Azoospermia

Overview

What is Azoospermia?
When no sperms or measurable sperms can be found in a man’s semen, the condition is called Azoospermia. This condition can result in infertility.

How common is Azoospermia?
Azoospermia is common in infertile men. Up to 10% to 15% of infertile men are diagnosed with it.

What are the parts of the male reproductive system?
The male reproductive system consists of the following parts-

  • Testicles
    Testicles produce sperm through a process known as spermatogenesis.
  • Seminiferous tubules
    These resemble tiny tube and is seen densely in the testes.
  • Epididymis
    This is a structure found on the back of each testicle in which mature sperm are stored.
  • Vas deferens
    This is a tube that starts from the epididymis and passes into the seminal vesicle.
  • Seminal vesicle
    The seminal vesicle is a tube-like gland that helps to create and store the fluids in semen. It forms a duct called the seminal duct which then joins the vas deferens.
  • Ejaculatory duct
    When the seminal vesicle merges into the vas deferens, the ejaculatory duct is created. It passes through the prostate gland and joins the urethra.
  • Urethra
    It is a tubular structure that passes through the penis to remove urine and semen.

Are there different types of Azoospermia?

Yes, there are two different types of Azoospermia.

  • Obstructive Azoospermia
    In this condition, the male produces viable sperm, but it gets blocked from exiting the body during ejaculation. This may point to a blockage or a missing
    connection in the epididymis, Vas deferens or in any of the other parts of the reproductive tract.
  • Non-Obstructive Azoospermia
    With this condition, you do not have blockages but have poor sperm production due to some problem in the reproductive system.
Symptoms and Causes

What are the causes of Azoospermia?

Obstructive Azoospermia

  • Trauma
  • Infection
  • Surgery in the pelvic area
  • Inflammation
  • Vasectomy
  • A cyst
  • Cystic fibrosis gene mutation that can cause the abnormal development of the vas deference.

Non-Obstructive Azoospermia

  • Genetic causes – Genetic mutations like Kallmann syndrome, Klinefelter’s syndrome, and Y chromosome deletion can cause missing sperm production.
  • Hormone imbalances and endocrine disorders like hypogonadotropic hypogonadism, androgen resistance and hyperprolactinemia.
  • Problems with ejaculation like retrograde ejaculation.
  • Testicular causes – Anorchia- absence of testes; Cyptorchidism- the testes have not descended into the scrotum; Spermatogenic arrest – the tested cannot release fully mature sperm cells; Sertoli cell-only syndrome – the testes do not produce viable sperm cells; Mumps orchitis- inflammation of the testes due to mumps infection in puberty; Tumor; Testicular torsion.
  • Side effects of medication
  • Radiation
  • Chronic illness like cirrhosis, diabetes and renal failure.
  • Varicoceles
Diagnosis and tests

How is Azoospermia diagnosed?
The diagnosis is aided by the medical history, physical examinations and medical tests.

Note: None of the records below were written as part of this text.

(* Let $\beta=(\pi_1,\pi_2)$ be a chainable pair of patterns which is redundant, and let $\beta'=(\pi_1*\pi_2)$ be the single-pattern architecture. Then (1) $\mathcal{B}^\beta=\Sigma^{\pi_1*\pi_2}=\mathcal{B}^{\beta'}$; (2) $\|\beta'\|_0=\|\pi_1*\pi_2\|_0<\|\pi_1\|_0+\|\pi_2\|_0=\|\beta\|_0$.
   Context: A pattern is a tuple $\pi=(a,b,c,d)$ of positive integers; $\mathbf{S}_\pi:=\mathbf{I}_a\otimes\mathbf{1}_{b\times c}\otimes\mathbf{I}_d\in\{0,1\}^{abd\times acd}$; $\|\pi\|_0:=abcd$. A $\pi$-factor is a complex $abd\times acd$ matrix with support in that of $\mathbf{S}_\pi$; $\Sigma^\pi$ is the set of $\pi$-factors. Patterns $\pi_1=(a_1,b_1,c_1,d_1),\pi_2=(a_2,b_2,c_2,d_2)$ are chainable if $a_1c_1/a_2=b_2d_2/d_1=:r(\pi_1,\pi_2)$ is an integer, $a_1\mid a_2$, $d_2\mid d_1$; then $\pi_1*\pi_2:=(a_1,b_1d_1/d_2,a_2c_2/a_1,d_2)$. The chainable pair is redundant if $r(\pi_1,\pi_2)\ge\min(b_1,c_2)$. For an architecture $\alpha=(\pi_\ell)_{\ell=1}^L$, $\mathcal{B}^\alpha:=\{\mathbf{X}_1\cdots\mathbf{X}_L:\mathbf{X}_\ell\in\Sigma^{\pi_\ell}\}$ and $\|\alpha\|_0:=\sum_\ell\|\pi_\ell\|_0$. *)

theory Defs
  imports Complex_Main "Jordan_Normal_Form.Matrix"
begin

type_synonym pattern = "nat \<times> nat \<times> nat \<times> nat"

definition pat_pos :: "pattern \<Rightarrow> bool" where
  "pat_pos \<pi> = (case \<pi> of (a,b,c,d) \<Rightarrow> 0 < a \<and> 0 < b \<and> 0 < c \<and> 0 < d)"

definition pat_rows :: "pattern \<Rightarrow> nat" where
  "pat_rows \<pi> = (case \<pi> of (a,b,c,d) \<Rightarrow> a*b*d)"

definition pat_cols :: "pattern \<Rightarrow> nat" where
  "pat_cols \<pi> = (case \<pi> of (a,b,c,d) \<Rightarrow> a*c*d)"

text \<open>Support matrix S_pi = I_a (x) 1_{b x c} (x) I_d, written out entrywise:
  row index i = i1*(b*d) + i2*d + i3 (i1<a, i2<b, i3<d),
  column index j = j1*(c*d) + j2*d + j3 (j1<a, j2<c, j3<d);
  the entry is 1 iff i1 = j1 and i3 = j3.\<close>
definition supp_mat :: "pattern \<Rightarrow> complex mat" where
  "supp_mat \<pi> = (case \<pi> of (a,b,c,d) \<Rightarrow>
     mat (a*b*d) (a*c*d) (\<lambda>(i,j).
       if i div (b*d) = j div (c*d) \<and> i mod d = j mod d then 1 else 0))"

definition factors :: "pattern \<Rightarrow> complex mat set" where
  "factors \<pi> = {X \<in> carrier_mat (pat_rows \<pi>) (pat_cols \<pi>).
      \<forall>i < pat_rows \<pi>. \<forall>j < pat_cols \<pi>. supp_mat \<pi> $$ (i,j) = 0 \<longrightarrow> X $$ (i,j) = 0}"

definition pat_norm0 :: "pattern \<Rightarrow> nat" where
  "pat_norm0 \<pi> = (case \<pi> of (a,b,c,d) \<Rightarrow> a*b*c*d)"

definition chainable :: "pattern \<Rightarrow> pattern \<Rightarrow> bool" where
  "chainable \<pi>1 \<pi>2 = (case \<pi>1 of (a1,b1,c1,d1) \<Rightarrow> case \<pi>2 of (a2,b2,c2,d2) \<Rightarrow>
     (real (a1*c1) / real a2 = real (b2*d2) / real d1 \<and> a2 dvd a1*c1)
     \<and> a1 dvd a2 \<and> d2 dvd d1)"

text \<open>r(pi1,pi2) = a1 c1 / a2 (an integer for chainable pairs).\<close>
definition chain_r :: "pattern \<Rightarrow> pattern \<Rightarrow> nat" where
  "chain_r \<pi>1 \<pi>2 = (case \<pi>1 of (a1,b1,c1,d1) \<Rightarrow> case \<pi>2 of (a2,b2,c2,d2) \<Rightarrow> a1*c1 div a2)"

When two different sperm analysis is done, and the result reveals the absence of viable sperms Azoospermia is diagnosed. Other tests done are testosterone and FSH levels, Genetic testing, X-rays, ultrasounds, imaging of the brain and biopsy.

Management and treatment

How is Azoospermia treated?
The treatment of this condition depends on the cause. If there is a blockage, surgery may help to reconstruct and unblock the structures. If the problem is hormonal
production, the issue is treated with hormone treatments. Varicocele may need the veins to be tied off using surgery. If none of these can be done, viable sperms can be removed from the testicles in extensive biopsies. Live sperms can be taken from the testes, vas deference, or epididymis in IVF treatments.

Prevention

How can Azoospermia be prevented?
Azoospermia with a genetic origin cannot be prevented. But the following steps can help reduce the risk of Azoospermia caused due to other reasons.

  • Avoid radiation
  • Avoid activities and sports that can cause trauma to the reproductive organs.
  • Judicious use of medications.
  • Avoid exposure to hot temperature for a long time.